» WHAT THE TASK REQUIRES
Every record must appear in the response exactly as given.

==== RECORDS FOR THE TASK ====

lemma (in prob_space) prob_robust_accept_le:
  fixes nrm :: "'b::euclidean_space \<Rightarrow> real" and \<xi> :: "nat \<Rightarrow> 'a \<Rightarrow> 'b" and h :: "'b \<Rightarrow> real"
    and \<rho> :: "real \<Rightarrow> real" and \<epsilon> \<theta> \<alpha> :: real
  assumes nrm: "is_norm nrm" and \<Xi>: "\<Xi> \<in> sets borel" and h: "h \<in> borel_measurable borel"
    and \<xi>_m: "\<xi> (N + 1) \<in> borel_measurable M" and \<xi>_\<Xi>: "\<And>\<omega>. \<omega> \<in> space M \<Longrightarrow> \<xi> (N + 1) \<omega> \<in> \<Xi>"
    and indep: "indep_vars (\<lambda>_. borel) \<xi> {1..N}" and "0 < N"
    and W: "\<And>i. i \<in> {1..N} \<Longrightarrow>
      wasserstein1 nrm (distr M borel (\<xi> i)) (distr M borel (\<xi> (N + 1))) \<le> ennreal (\<rho> (real (N + 1 - i)))"
    and \<rho>: "\<And>i. i \<in> {1..N} \<Longrightarrow> 0 \<le> \<rho> (real (N + 1 - i))"
    and "0 < \<theta>" "\<alpha> \<le> \<epsilon> - \<theta>"
    and infeasible: "\<epsilon> < prob {\<omega>\<in>space M. 0 < h (\<xi> (N + 1) \<omega>)}"
  shows "\<exists>E\<in>sets M. prob E \<le> exp (- 2 * real N * (\<epsilon> - \<alpha> - \<theta>)\<^sup>2) \<and>
           {\<omega>\<in>space M. (\<Sum>i = 1..N.
              (if \<exists>u \<in> \<Xi>. nrm (u - \<xi> i \<omega>) \<le> \<rho> (real (N + 1 - i)) / \<theta> \<and> h u > 0
               then 1 else 0)) / real N \<le> \<alpha>} \<subseteq> E"
proof -
  define Q where "Q = distr M borel (\<xi> (N + 1))"
  define B where "B = \<Xi> \<inter> (h -` {0<..} \<inter> space borel)"
  define r where "r i = \<rho> (real (N + 1 - i)) / \<theta>" for i
  have B_m: "B \<in> sets borel" unfolding B_def using \<Xi> measurable_sets[OF h] by auto
  have "measure Q B = prob (\<xi> (N + 1) -` B \<inter> space M)"
    unfolding Q_def using \<xi>_m B_m by (rule measure_distr)
  also have "\<xi> (N + 1) -` B \<inter> space M = {\<omega>\<in>space M. 0 < h (\<xi> (N + 1) \<omega>)}"
    unfolding B_def using \<xi>_\<Xi> by auto
  finally have QB: "\<epsilon> < measure Q B" using infeasible by simp
  have W': "wasserstein1 nrm (distr M borel (\<xi> i)) Q \<le> ennreal (r i * \<theta>)" if "i \<in> {1..N}" for i
    using W[OF that] \<open>0 < \<theta>\<close> unfolding Q_def r_def by simp
  have r: "0 \<le> r i" if "i \<in> {1..N}" for i
    using \<rho>[OF that] \<open>0 < \<theta>\<close> unfolding r_def by simp
  have Q: "prob_space Q" "sets Q = sets borel"
    unfolding Q_def using prob_space_distr[OF \<xi>_m] by simp_all
  have "{1..N} \<noteq> {}" using \<open>0 < N\<close> by simp
  from prob_thickening_count_le[OF nrm Q B_m QB finite_atLeastAtMost this indep W' r]
  obtain E where E: "E \<in> sets M" "prob E \<le> exp (- 2 * real N * (\<epsilon> - \<alpha> - \<theta>)\<^sup>2)"
    and count: "{\<omega>\<in>space M. (\<Sum>i\<in>{1..N}. indicator (thickening nrm B (r i)) (\<xi> i \<omega>)) \<le> N * \<alpha>} \<subseteq> E"
    using \<open>0 < \<theta>\<close> \<open>\<alpha> \<le> \<epsilon> - \<theta>\<close> by (auto simp: diff_diff_eq add.commute)
  have "(\<Sum>i = 1..N. (if \<exists>u \<in> \<Xi>. nrm (u - \<xi> i \<omega>) \<le> \<rho> (real (N + 1 - i)) / \<theta> \<and> h u > 0
          then 1 else 0)) = (\<Sum>i\<in>{1..N}. indicator (thickening nrm B (r i)) (\<xi> i \<omega>) :: real)" for \<omega>
    unfolding r_def by (intro sum.cong refl) (auto simp: B_def thickening_def indicator_def)
  then have "{\<omega>\<in>space M. (\<Sum>i = 1..N.
              (if \<exists>u \<in> \<Xi>. nrm (u - \<xi> i \<omega>) \<le> \<rho> (real (N + 1 - i)) / \<theta> \<and> h u > 0
               then 1 else 0)) / real N \<le> \<alpha>} \<subseteq> E"
    using count \<open>0 < N\<close> by (simp add: divide_le_eq mult.commute)
  then show ?thesis using E by blast
qed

====

» TASK RESPONSE
lemma (in prob_space) prob_robust_accept_le:
  fixes nrm :: "'b::euclidean_space \<Rightarrow> real" and \<xi> :: "nat \<Rightarrow> 'a \<Rightarrow> 'b" and h :: "'b \<Rightarrow> real"
    and \<rho> :: "real \<Rightarrow> real" and \<epsilon> \<theta> \<alpha> :: real
  assumes nrm: "is_norm nrm" and \<Xi>: "\<Xi> \<in> sets borel" and h: "h \<in> borel_measurable borel"
    and \<xi>_m: "\<xi> (N + 1) \<in> borel_measurable M" and \<xi>_\<Xi>: "\<And>\<omega>. \<omega> \<in> space M \<Longrightarrow> \<xi> (N + 1) \<omega> \<in> \<Xi>"
    and indep: "indep_vars (\<lambda>_. borel) \<xi> {1..N}" and "0 < N"
    and W: "\<And>i. i \<in> {1..N} \<Longrightarrow>
      wasserstein1 nrm (distr M borel (\<xi> i)) (distr M borel (\<xi> (N + 1))) \<le> ennreal (\<rho> (real (N + 1 - i)))"
    and \<rho>: "\<And>i. i \<in> {1..N} \<Longrightarrow> 0 \<le> \<rho> (real (N + 1 - i))"
    and "0 < \<theta>" "\<alpha> \<le> \<epsilon> - \<theta>"
    and infeasible: "\<epsilon> < prob {\<omega>\<in>space M. 0 < h (\<xi> (N + 1) \<omega>)}"
  shows "\<exists>E\<in>sets M. prob E \<le> exp (- 2 * real N * (\<epsilon> - \<alpha> - \<theta>)\<^sup>2) \<and>
           {\<omega>\<in>space M. (\<Sum>i = 1..N.
              (if \<exists>u \<in> \<Xi>. nrm (u - \<xi> i \<omega>) \<le> \<rho> (real (N + 1 - i)) / \<theta> \<and> h u > 0
               then 1 else 0)) / real N \<le> \<alpha>} \<subseteq> E"
proof -
  define Q where "Q = distr M borel (\<xi> (N + 1))"
  define B where "B = \<Xi> \<inter> (h -` {0<..} \<inter> space borel)"
  define r where "r i = \<rho> (real (N + 1 - i)) / \<theta>" for i
  have B_m: "B \<in> sets borel" unfolding B_def using \<Xi> measurable_sets[OF h] by auto
  have "measure Q B = prob (\<xi> (N + 1) -` B \<inter> space M)"
    unfolding Q_def using \<xi>_m B_m by (rule measure_distr)
  also have "\<xi> (N + 1) -` B \<inter> space M = {\<omega>\<in>space M. 0 < h (\<xi> (N + 1) \<omega>)}"
    unfolding B_def using \<xi>_\<Xi> by auto
  finally have QB: "\<epsilon> < measure Q B" using infeasible by simp
  have W': "wasserstein1 nrm (distr M borel (\<xi> i)) Q \<le> ennreal (r i * \<theta>)" if "i \<in> {1..N}" for i
    using W[OF that] \<open>0 < \<theta>\<close> unfolding Q_def r_def by simp
  have r: "0 \<le> r i" if "i \<in> {1..N}" for i
    using \<rho>[OF that] \<open>0 < \<theta>\<close> unfolding r_def by simp
  have Q: "prob_space Q" "sets Q = sets borel"
    unfolding Q_def using prob_space_distr[OF \<xi>_m] by simp_all
  have "{1..N} \<noteq> {}" using \<open>0 < N\<close> by simp
  from prob_thickening_count_le[OF nrm Q B_m QB finite_atLeastAtMost this indep W' r]
  obtain E where E: "E \<in> sets M" "prob E \<le> exp (- 2 * real N * (\<epsilon> - \<alpha> - \<theta>)\<^sup>2)"
    and count: "{\<omega>\<in>space M. (\<Sum>i\<in>{1..N}. indicator (thickening nrm B (r i)) (\<xi> i \<omega>)) \<le> N * \<alpha>} \<subseteq> E"
    using \<open>0 < \<theta>\<close> \<open>\<alpha> \<le> \<epsilon> - \<theta>\<close> by (auto simp: diff_diff_eq add.commute)
  have "(\<Sum>i = 1..N. (if \<exists>u \<in> \<Xi>. nrm (u - \<xi> i \<omega>) \<le> \<rho> (real (N + 1 - i)) / \<theta> \<and> h u > 0
          then 1 else 0)) = (\<Sum>i\<in>{1..N}. indicator (thickening nrm B (r i)) (\<xi> i \<omega>) :: real)" for \<omega>
    unfolding r_def by (intro sum.cong refl) (auto simp: B_def thickening_def indicator_def)
  then have "{\<omega>\<in>space M. (\<Sum>i = 1..N.
              (if \<exists>u \<in> \<Xi>. nrm (u - \<xi> i \<omega>) \<le> \<rho> (real (N + 1 - i)) / \<theta> \<and> h u > 0
               then 1 else 0)) / real N \<le> \<alpha>} \<subseteq> E"
    using count \<open>0 < N\<close> by (simp add: divide_le_eq mult.commute)
  then show ?thesis using E by blast
qed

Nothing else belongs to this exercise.